When they got to the playgrounds in NU29, they started attacking the other group, who tried to escape. As they hurled stones at each other, police used rubber bullets and teargas to disperse them.
Speaking for the NU29 residents, Vulikhaya Phasiya described his group as “backyard dwellers” from NU29.
“We are protesting because houses are being sold to people.”
“That is why we have decided to forcibly occupy the vacant houses, because we don’t have R5 000 to pay for them. We have had meetings with the councillor a number of times, but nothing is happening.”
Phasiya denied they were involved in the burning of municipal properties and the Checkers truck. He also denied they had threatened to burn down the school.
Instead, he blamed Ward 54 councillor Aaron Nyikilana for creating divisions.

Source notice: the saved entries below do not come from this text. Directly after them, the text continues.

(* Let $\mathfrak p$ be a standard parabolic subalgebra of $\mathfrak g$ and $j\in\{1,\dots,n\}$. Then $w_j\in W^{\mathfrak p}$ if and only if $\alpha_j\notin\Sigma_{\mathfrak p}$. Moreover, for every $v\in W_+^{\mathfrak p}$ and every $w\in W^{\mathfrak p}$ we have $vw\in W^{\mathfrak p}$.
   Context: Let $\mathfrak g=\mathfrak{sl}_{n+1}(\mathbb C)$, $n\ge1$, $\Delta_+=\{\varepsilon_i-\varepsilon_j:i<j\}$, $\Delta_-=-\Delta_+$, $\Pi=\{\alpha_1,\dots,\alpha_n\}$, $\alpha_i=\varepsilon_i-\varepsilon_{i+1}$, $\theta=\alpha_1+\dots+\alpha_n$; $W$ the Weyl group generated by the simple reflections $s_i$. For $\Sigma\subset\Pi$, $\Delta_\Sigma$ is the root subsystem generated by $\Sigma$, $\mathfrak p_\Sigma$ the standard parabolic subalgebra, $\Sigma_{\mathfrak p_\Sigma}=\Sigma$, and $W^{\mathfrak p_\Sigma}=\{w\in W:\Delta_+\cap w(\Delta_-)\subset\Delta_+\setminus\Delta_\Sigma\}$. For $j=1,\dots,n$, $w_j\in W$ is the unique element preserving the set $\{\alpha_1,\dots,\alpha_n,-\theta\}$ with $w_j(-\theta)=\alpha_j$ (equivalently $w_j=(s_1s_2\cdots s_n)^j$); $W_+=\{e,w_1,\dots,w_n\}$ and $W_+^{\mathfrak p_\Sigma}=\{w\in W_+:w(\Sigma)=\Sigma\}$. *)

theory Defs
  imports "HOL-Combinatorics.Combinatorics" "HOL-Library.Function_Algebras"
begin

text \<open>Type A_n: g = sl_(n+1).  Weights are integer vectors indexed by 1..n+1
  (functions nat => int); eps i is the i-th standard basis vector.\<close>

definition eps :: "nat \<Rightarrow> nat \<Rightarrow> int" where
  "eps i = (\<lambda>k. if k = i then 1 else 0)"

definition roots :: "nat \<Rightarrow> (nat \<Rightarrow> int) set" where
  "roots n = {eps i - eps j | i j. i \<in> {1..n+1} \<and> j \<in> {1..n+1} \<and> i \<noteq> j}"

definition pos_roots :: "nat \<Rightarrow> (nat \<Rightarrow> int) set" where
  "pos_roots n = {eps i - eps j | i j. i \<in> {1..n+1} \<and> j \<in> {1..n+1} \<and> i < j}"

definition neg_roots :: "nat \<Rightarrow> (nat \<Rightarrow> int) set" where
  "neg_roots n = uminus ` pos_roots n"

definition alpha :: "nat \<Rightarrow> nat \<Rightarrow> int" where
  "alpha i = eps i - eps (Suc i)"

definition simple_roots :: "nat \<Rightarrow> (nat \<Rightarrow> int) set" where
  "simple_roots n = alpha ` {1..n}"

definition theta :: "nat \<Rightarrow> nat \<Rightarrow> int" where
  "theta n = eps 1 - eps (n+1)"

definition root_subsystem :: "nat \<Rightarrow> (nat \<Rightarrow> int) set \<Rightarrow> (nat \<Rightarrow> int) set" where
  "root_subsystem n \<Sigma> =
     {\<beta> \<in> roots n. \<exists>c :: (nat \<Rightarrow> int) \<Rightarrow> int. \<beta> = (\<Sum>a\<in>\<Sigma>. (\<lambda>k. c a * a k))}"

text \<open>Weyl group: the symmetric group on {1..n+1}, acting by w(eps i) = eps (w i).\<close>
definition weyl :: "nat \<Rightarrow> (nat \<Rightarrow> nat) set" where
  "weyl n = {w. w permutes {1..n+1}}"

definition act :: "(nat \<Rightarrow> nat) \<Rightarrow> (nat \<Rightarrow> int) \<Rightarrow> (nat \<Rightarrow> int)" where
  "act w \<beta> = (\<lambda>k. \<beta> (inv w k))"

definition sref :: "nat \<Rightarrow> nat \<Rightarrow> nat" where
  "sref i = transpose i (Suc i)"

definition wJ :: "nat \<Rightarrow> nat \<Rightarrow> nat \<Rightarrow> nat" where
  "wJ n j = (foldr (\<circ>) (map sref [1..<n+1]) id) ^^ j"

definition Wplus :: "nat \<Rightarrow> (nat \<Rightarrow> nat) set" where
  "Wplus n = insert id (wJ n ` {1..n})"

definition Wpar :: "nat \<Rightarrow> (nat \<Rightarrow> int) set \<Rightarrow> (nat \<Rightarrow> nat) set" where
  "Wpar n \<Sigma> = {w \<in> weyl n.
      pos_roots n \<inter> act w ` neg_roots n \<subseteq> pos_roots n - root_subsystem n \<Sigma>}"

definition Wplus_par :: "nat \<Rightarrow> (nat \<Rightarrow> int) set \<Rightarrow> (nat \<Rightarrow> nat) set" where
  "Wplus_par n \<Sigma> = {w \<in> Wplus n. act w ` \<Sigma> = \<Sigma>}"

end

theory Submission imports Defs begin

text \<open>
  With W the permutations of {1..n+1}, w lies in W^p iff no inversion of w (a pair
  y < x with w x < w y) has its root eps (w x) - eps (w y) in the subsystem generated
  by \<Sigma>. The element w_j is the rotation k \<mapsto> k + j mod n+1, which preserves the order
  of two points unless their images lie on different sides of the cut between j and
  j+1. If alpha j \<notin> \<Sigma>, the coordinate sum up to j vanishes on the span of \<Sigma>, so no
  root eps a - eps b with a \<le> j < b lies in the subsystem and w_j is minimal; the
  inversion (n+1, 1) of w_j, on the other hand, has root alpha j. If w_j stabilises
  \<Sigma>, then alpha j \<notin> \<Sigma> (only alpha (n+1) could be moved to alpha j), and since the
  subsystem is w_j-invariant, a bad inversion of w_j w would be a bad inversion of w.
\<close>

lemma sum_apply: "(\<Sum>x\<in>S. f x) k = (\<Sum>x\<in>S. f x k)"
  for f :: "'a \<Rightarrow> 'b \<Rightarrow> 'c::comm_monoid_add"
  by (induction S rule: infinite_finite_induct) auto

lemma eps_diff_inject:
  assumes "a \<noteq> b" "eps a - eps b = eps c - eps d"
  shows "a = c \<and> b = d"
proof -
  have "(eps a - eps b) a = (eps c - eps d) a" "(eps a - eps b) b = (eps c - eps d) b"
    using assms(2) by simp_all
  then show ?thesis using assms(1) unfolding eps_def by (auto split: if_splits)
qed

lemma sum_atMost_eps: "(\<Sum>k\<le>j. eps i k) = (if i \<le> j then 1 else 0)"
  unfolding eps_def by simp

lemma alpha_mem_roots: "j \<in> {1..n} \<Longrightarrow> alpha j \<in> roots n"
  unfolding roots_def alpha_def by force

lemma finite_simple_roots: "finite (simple_roots n)"
  unfolding simple_roots_def by simp

lemma act_eps:
  assumes "bij w"
  shows "act w (eps i) = eps (w i)"
proof -
  have "inv w k = i \<longleftrightarrow> k = w i" for k using bij_inv_eq_iff[OF assms, of i] by metis
  then show ?thesis unfolding act_def eps_def by (simp add: fun_eq_iff)
qed

lemma act_diff: "act w (f - g) = act w f - act w g"
  unfolding act_def by auto

lemma act_sum: "act w (\<Sum>x\<in>S. f x) = (\<Sum>x\<in>S. act w (f x))"
  unfolding act_def by (rule ext) (simp only: sum_apply)

lemma inj_act: "bij w \<Longrightarrow> inj (act w)"
proof (rule injI)
  fix f g assume "bij w" "act w f = act w g"
  then have "act w f (w k) = act w g (w k)" for k by simp
  then show "f = g" using \<open>bij w\<close> by (simp add: act_def fun_eq_iff bij_is_inj)
qed

definition coxeter_cycle :: "nat \<Rightarrow> nat \<Rightarrow> nat" where
  "coxeter_cycle n = foldr (\<circ>) (map sref [1..<n+1]) id"

lemma foldr_comp_eq_comp: "foldr (\<circ>) fs g = foldr (\<circ>) fs id \<circ> g"
  by (induction fs) auto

“We can’t burn the school because our kids are attending the same school,” Phasiya said. “The problem is with Nyikilana, who wants to divide the people.
“We are only fighting corruption and trying to stop houses from being sold.”
Elsa Badenhorst, who was hit on the lips by a rubber bullet, said: “We had a meeting as the community members and were waiting for people from NU12. They came here attacking us,” she said.
“As I was running, one of the cops shot me in my lips even though I pleaded with him not to. I am very hurt by what happened because we were not fighting.”
Nozuko Zondani said she had been a backyard dweller for five years.
“I have seen houses being given to strangers and we are saying enough is enough. We also need houses.” Zondani said. “We want the mayor to come and solve this.”
Municipal spokesman Mthubanzi Mniki said the damage to municipal property would affect service delivery negatively.
“The municipality is aware of its properties that were burnt,” he said.
“We condemn the act and call upon law enforcement agencies to intervene and bring to book whoever is responsible.
“We are dealing with the housing issue. However, we are not able to provide houses for everyone at the same time.
“We also call upon those who are waiting for houses to engage [with] the municipality, rather than taking the route of destroying property,” Mniki said.
By 4pm, the protesters had gathered at the Motherwell police station, demanding the release of those arrested earlier.
A police spokesman said a case of public violence and arson was being investigated.